But what is the Central Limit Theorem?
Based on 3Blue1Brown's video on YouTube. If you like this content, support the original creators by watching, liking and subscribing to their content.
Bell-curve behavior emerges when many independent samples are added, after centering by the mean and scaling by the standard deviation.
Briefing
A single, chaotic process can be unpredictable ball-by-ball, yet the totals across many repetitions settle into a remarkably stable pattern: the bell curve. That stability is the core promise of the central limit theorem—no matter what distribution a single roll comes from (even a skewed one), the properly centered and rescaled sum of many independent samples approaches a universal normal distribution. This matters because it turns messy randomness into predictable probabilities, letting people compute ranges like “where a sum will land” with only a mean and a standard deviation.
The lesson builds the idea from a Galton board. In an idealized version, each bounce is a 50-50 choice that nudges a ball left or right by +1 or −1. After many such random choices, the final bucket corresponds to the sum of those ±1 steps. Repeating this for many balls yields a distribution of sums. With only a few steps (few rows), the shape is rough and can resemble the original asymmetries of the underlying randomness. As the number of steps grows, the distribution becomes smoother and more symmetric, converging toward a bell curve.

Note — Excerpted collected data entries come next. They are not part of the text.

lemma mid_prod_add_le:
  assumes pos: "\<And>k. 0 < a k" and lc: "log_convex_seq a"
  shows "mid_prod a (j + k) \<le> a j * a k"
proof -
  have balanced: "mid_prod a (2 * i + d) \<le> a i * a (i + d)" for i d
  proof (induction d arbitrary: i rule: less_induct)
    case (less d)
    show ?case
    proof (cases "d < 2")
      case True
      then show ?thesis by (auto simp: mid_prod_def less_2_cases_iff)
    next
      case False
      then obtain e where d: "d = Suc (Suc e)"
        by (metis add_2_eq_Suc le_add_diff_inverse not_less)
      have "mid_prod a (2 * i + d) = mid_prod a (2 * Suc i + e)" by (simp add: d)
      also have "\<dots> \<le> a (Suc i) * a (Suc i + e)" using less.IH[of e "Suc i"] d by simp
      also have "\<dots> \<le> a i * a (i + d)"
        using log_convex_seq_cross_le[OF pos lc, of i "Suc i + e"] by (simp add: d)
      finally show ?thesis .
    qed
  qed
  show ?thesis
  proof (cases "j \<le> k")
    case True
    then show ?thesis using balanced[of j "k - j"] by simp
  next
    case False
    then show ?thesis using balanced[of k "j - k"] by (simp add: add.commute mult.commute)
  qed
qed

lemma summable_comp_div2:
  fixes f :: "nat \<Rightarrow> real"
  assumes f: "summable f" and nonneg: "\<And>k. 0 \<le> f k"
  shows "summable (\<lambda>k. f (k div 2))"
proof (rule bounded_imp_summable)
  show "0 \<le> f (k div 2)" for k using nonneg by simp
  have doubled: "(\<Sum>k<2 * n. f (k div 2)) = 2 * (\<Sum>k<n. f k)" for n
  proof (induction n)
    case (Suc n)
    have "2 * Suc n = Suc (Suc (2 * n))" by simp
    then show ?case using Suc by simp
  qed simp
  fix n
  have "(\<Sum>k\<le>n. f (k div 2)) \<le> (\<Sum>k<2 * Suc n. f (k div 2))"
    by (rule sum_mono2) (auto simp: nonneg)
  also have "\<dots> \<le> 2 * suminf f"
    using sum_le_suminf[OF f, of "{..<Suc n}"] nonneg by (simp add: doubled)
  finally show "(\<Sum>k\<le>n. f (k div 2)) \<le> 2 * suminf f" .
qed

lemma fact_add_eq_binomial_mult:
  "fact (a + b) = real ((a + b) choose a) * (fact a * fact b)"
proof -
  have "real (fact a * fact b * ((a + b) choose a)) = real (fact (a + b))"
    using binomial_fact_lemma[of a "a + b"] by simp
  then show ?thesis by (simp add: mult_ac)
qed

lemma fact_mult_fact_le_fact_add: "fact a * fact b \<le> (fact (a + b) :: real)"
proof -
  have "fact a * fact b * 1 \<le> fact a * fact b * real ((a + b) choose a)"
    by (intro mult_left_mono) (simp_all add: Suc_leI)
  then show ?thesis by (simp add: fact_add_eq_binomial_mult mult.commute)
qed

lemma fact_add_le_pow2_mult: "fact (a + b) \<le> (2 ^ (a + b) * (fact a * fact b) :: real)"
proof -
  have "real ((a + b) choose a) \<le> 2 ^ (a + b)"
    using binomial_le_pow2 of_nat_le_iff by fastforce
  then show ?thesis unfolding fact_add_eq_binomial_mult by (simp add: mult_right_mono)
qed

lemma weight_seq_pos: "weight_seq N \<Longrightarrow> 0 < N k"
  by (auto simp: weight_seq_def prod_pos)

lemma weight_seq_0: "weight_seq N \<Longrightarrow> N 0 = 1"
  by (auto simp: weight_seq_def)

lemma weight_seq_1:
  assumes "weight_seq N"
  shows "1 \<le> N 1"
proof -
  obtain \<mu> where "\<mu> 0 = 1" "mono \<mu>" "\<forall>k. N k = (\<Prod>i=1..k. \<mu> i)"
    using assms unfolding weight_seq_def by blast
  then show ?thesis using monoD[of \<mu> 0 1] by simp
qed

lemma weight_seq_root_at_top:
  "weight_seq N \<Longrightarrow> filterlim (\<lambda>k. root k (N k)) at_top sequentially"
  by (simp add: weight_seq_def)

lemma weight_seqI:
  assumes pos: "\<And>k. 0 < N k" and N0: "N 0 = 1" and N1: "1 \<le> N 1"
    and incseq: "incseq (ratio N)"
    and root: "filterlim (\<lambda>k. root k (N k)) at_top sequentially"
  shows "weight_seq N"
proof -
  define \<mu> where "\<mu> k = (if k = 0 then 1 else ratio N (k - 1))" for k
  have "\<mu> 0 = 1" by (simp add: \<mu>_def)
  moreover have "N k = (\<Prod>i=1..k. \<mu> i)" for k
  proof (induction k)
    case (Suc k)
    have "(\<Prod>i=1..Suc k. \<mu> i) = \<mu> (Suc k) * (\<Prod>i=1..k. \<mu> i)"
      by (simp add: prod.nat_ivl_Suc')
    also have "\<dots> = ratio N k * N k" by (simp add: \<mu>_def Suc)
    also have "\<dots> = N (Suc k)" using pos[of k] by (simp add: ratio_def)
    finally show ?case by simp
  qed (simp add: N0)
  moreover have "mono \<mu>"
  proof (rule incseq_SucI)
    show "\<mu> k \<le> \<mu> (Suc k)" for k
      using N0 N1 incseq by (cases k) (auto simp: \<mu>_def ratio_def incseq_Suc_iff)
  qed
  moreover have "0 < \<mu> k" for k using pos by (simp add: \<mu>_def ratio_pos)
  ultimately show ?thesis
    unfolding weight_seq_def using root by blast
qed

lemma incseq_ratio_if_log_convex_div_fact:
  assumes pos: "\<And>k. 0 < N k" and lc: "log_convex_seq (\<lambda>k. N k / fact k)"
  shows "incseq (ratio N)"
proof (rule incseq_SucI)
  fix k
  let ?n = "\<lambda>k. N k / fact k"
  have "ratio ?n k \<le> ratio ?n (Suc k)"
    using lc pos by (simp add: log_convex_seq_iff_incseq_ratio incseq_Suc_iff)
  moreover have "0 \<le> ratio ?n k" using pos by (simp add: ratio_pos less_imp_le)
  ultimately have "(real k + 1) * ratio ?n k \<le> (real (Suc k) + 1) * ratio ?n (Suc k)"
    by (intro mult_mono) auto
  then show "ratio N k \<le> ratio N (Suc k)"
    by (simp only: ratio_eq_Suc_mult_ratio_div_fact[of N])
qed

lemma incseq_at_top_if_summable_inverse:
  fixes r :: "nat \<Rightarrow> real"
  assumes incseq: "incseq r" and pos: "\<And>k. 0 < r k"
    and summable: "summable (\<lambda>k. 1 / ((real k + 1) * r k))"
  shows "filterlim r at_top sequentially"
  unfolding filterlim_at_top
proof
  fix Z :: real
  have "\<exists>k. Z \<le> r k"
  proof (rule ccontr)
    assume "\<nexists>k. Z \<le> r k"
    then have below: "r k < Z" for k by (simp add: not_le)
    then have "0 < Z" using pos[of 0] by (meson less_trans)
    have "summable (\<lambda>k. 1 / ((real k + 1) * Z))"
    proof (rule summable_comparison_test'[OF summable])
      show "norm (1 / ((real k + 1) * Z)) \<le> 1 / ((real k + 1) * r k)" for k
        using below[of k] pos[of k] by (simp add: frac_le)
    qed
    then have "summable (\<lambda>k. Z * (1 / ((real k + 1) * Z)))" by (rule summable_mult)
    moreover have "Z * (1 / ((real k + 1) * Z)) = inverse (real (Suc k))" for k
      using \<open>0 < Z\<close> by (simp add: divide_simps)
    ultimately have "summable (\<lambda>k. inverse (real (Suc k)))" by simp
    then show False
      using not_summable_harmonic[where 'a=real] summable_Suc_iff[of "\<lambda>k. inverse (real k)"]
      by simp
  qed
  then obtain k0 where "Z \<le> r k0" by blast
  then show "eventually (\<lambda>k. Z \<le> r k) sequentially"
    using incseq by (intro eventually_sequentiallyI[of k0]) (meson incseqD order_trans)
qed

lemma power_le_if_ratio_ge:
  assumes pos: "\<And>k. 0 < a k" and "0 \<le> B"
    and ratio: "\<And>k. k \<ge> k0 \<Longrightarrow> B \<le> ratio a k"
  shows "a k0 * B ^ i \<le> a (k0 + i)"
proof (induction i)
  case (Suc i)
  have "0 \<le> a k0 * B ^ i" using pos[of k0] \<open>0 \<le> B\<close> by simp
  have "a k0 * B ^ Suc i = B * (a k0 * B ^ i)" by simp
  also have "\<dots> \<le> ratio a (k0 + i) * a (k0 + i)"
    using Suc ratio[of "k0 + i"] \<open>0 \<le> B\<close> \<open>0 \<le> a k0 * B ^ i\<close> by (intro mult_mono) auto
  also have "\<dots> = a (k0 + Suc i)" using pos[of "k0 + i"] by (simp add: ratio_def)
  finally show ?case .
qed simp

lemma root_at_top_if_ratio_at_top:
  assumes pos: "\<And>k. 0 < a k" and ratio: "filterlim (ratio a) at_top sequentially"
  shows "filterlim (\<lambda>k. root k (a k)) at_top sequentially"
  unfolding filterlim_at_top
proof
  fix Z :: real
  define A where "A = max Z 1"
  have A: "1 \<le> A" "Z \<le> A" by (auto simp: A_def)
  obtain k0 where k0: "\<And>k. k \<ge> k0 \<Longrightarrow> 2 * A \<le> ratio a k"
    using ratio unfolding filterlim_at_top eventually_sequentially by blast
  \<comment> \<open>\<open>a\<^sub>k \<ge> c (2A)\<^sup>k\<close> for \<open>k \<ge> k0\<close>, and \<open>root k c \<longrightarrow> 1\<close> eventually exceeds \<open>1/2\<close>\<close>
  have grow: "a k0 * (2 * A) ^ i \<le> a (k0 + i)" for i
    using pos k0 A by (intro power_le_if_ratio_ge) auto
  define c where "c = a k0 / (2 * A) ^ k0"
  have "0 < c" using pos A by (simp add: c_def)
  then have "eventually (\<lambda>k. 1 / 2 < root k c) sequentially"
    using order_tendstoD(1)[OF LIMSEQ_root_const[OF \<open>0 < c\<close>], of "1 / 2"] by simp
  moreover have "eventually (\<lambda>k. max k0 1 \<le> k) sequentially" by (rule eventually_ge_at_top)
  ultimately show "eventually (\<lambda>k. Z \<le> root k (a k)) sequentially"
  proof eventually_elim
    case (elim k)
    then have k: "k0 \<le> k" "0 < k" by auto
    have "c * (2 * A) ^ k = a k0 * (2 * A) ^ (k - k0)"
      using k A by (simp add: c_def power_diff)
    also have "\<dots> \<le> a k" using grow[of "k - k0"] k by simp
    finally have lower: "c * (2 * A) ^ k \<le> a k" .
    have "Z \<le> 1 / 2 * (2 * A)" using A by simp
    also have "\<dots> \<le> root k c * (2 * A)" using elim A by (intro mult_right_mono) auto
    also have "\<dots> = root k (c * (2 * A) ^ k)"
      using k A by (simp add: real_root_mult real_root_power_cancel)
    also have "\<dots> \<le> root k (a k)" using lower k by (simp add: real_root_le_mono)
    finally show ?case .
  qed
qed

To generalize beyond pegs and bounces, the discussion shifts to random variables and sums. Take a random variable X (for example, the outcome of a die roll) and form a new variable by adding n independent copies of X. The central limit theorem claims that as n increases, the distribution of that sum approaches a normal distribution after centering by the mean and scaling by the standard deviation. The key quantitative ingredients are the mean and variance: the mean of a sum scales linearly with n, while the variance of a sum adds across independent variables. That means the standard deviation grows like the square root of n, so the distribution spreads out, but not as fast as the mean shifts.
The normal distribution’s exact formula is then constructed. Its shape comes from an exponential of a negative square, e^(−x^2/2), and its normalization constant is chosen so the total area under the curve equals 1. That requirement introduces the factor involving π, yielding the standard normal density: (1/√(2π))·e^(−x^2/2). From there, any normal distribution is obtained by shifting by μ (the mean) and stretching by σ (the standard deviation).
The practical payoff is illustrated with a concrete problem: rolling a fair die 100 times and finding a range that captures 95% of outcomes. The mean of one die is 3.5 and the standard deviation is about 1.71 (computed from variance 2.92). For 100 rolls, the mean becomes 350 and the standard deviation becomes 17.1. Using the common “68–95–99.7” rule, the 95% interval corresponds to roughly mean ± 2 standard deviations, giving about 316 to 384.
Finally, the theorem’s assumptions are laid out: the summed variables must be independent, identically distributed (IID), and have finite variance. Independence fails on a real Galton board because one bounce affects the next, and identical distribution can also fail because different pegs may bias outcomes. Still, broader generalizations can sometimes rescue the bell-curve behavior. The warning is that assuming normality without justification is common—and often wrong—especially when variance is infinite, where convergence to a normal distribution may fail.
Cornell Notes
The central limit theorem explains why bell curves appear so often: add up many independent samples from a single random variable, then center by the mean and scale by the standard deviation, and the resulting distribution approaches a universal normal (Gaussian) shape. The mean of the sum grows proportionally to n, while the variance adds, so the standard deviation grows like √n. The normal distribution’s density is (1/√(2π))·e^(−x^2/2), with π entering through the normalization that forces the total area under the curve to equal 1. This lets people compute probability ranges—like an approximate 95% interval using mean ± 2σ—using only the underlying mean and variance.
Why does adding many random outcomes produce a bell curve even when the original distribution is skewed?
What exactly changes when you sum n copies of a random variable—mean or spread?
How is the normal distribution formula built, and where does π come from?
How does the central limit theorem translate into a 95% range for sums like “100 die rolls”?
What do the assumptions IID and finite variance mean in this context?
Review Questions
- If X has mean μ and variance σ^2, what are the mean and variance of the sum of n independent copies of X?
- Why does the standard deviation of a sum scale like √n rather than n?
- What goes wrong with the central limit theorem if the underlying variable has infinite variance?
Key Points
- 1
Bell-curve behavior emerges when many independent samples are added, after centering by the mean and scaling by the standard deviation.
- 2
For sums of independent variables, variance adds; standard deviation grows like the square root of the number of terms.
- 3
The standard normal density is (1/√(2π))·e^(−x^2/2), with π appearing from the normalization that forces total area to equal 1.
- 4
A practical 95% interval for large sums is often approximated by mean ± 2 standard deviations using the 68–95–99.7 rule.
- 5
The central limit theorem relies on independence, identical distribution (IID), and finite variance; violating these can break normal convergence.
- 6
Real systems like a Galton board may violate IID assumptions, yet bell-curve behavior can still arise under broader generalizations—though normality should not be assumed blindly.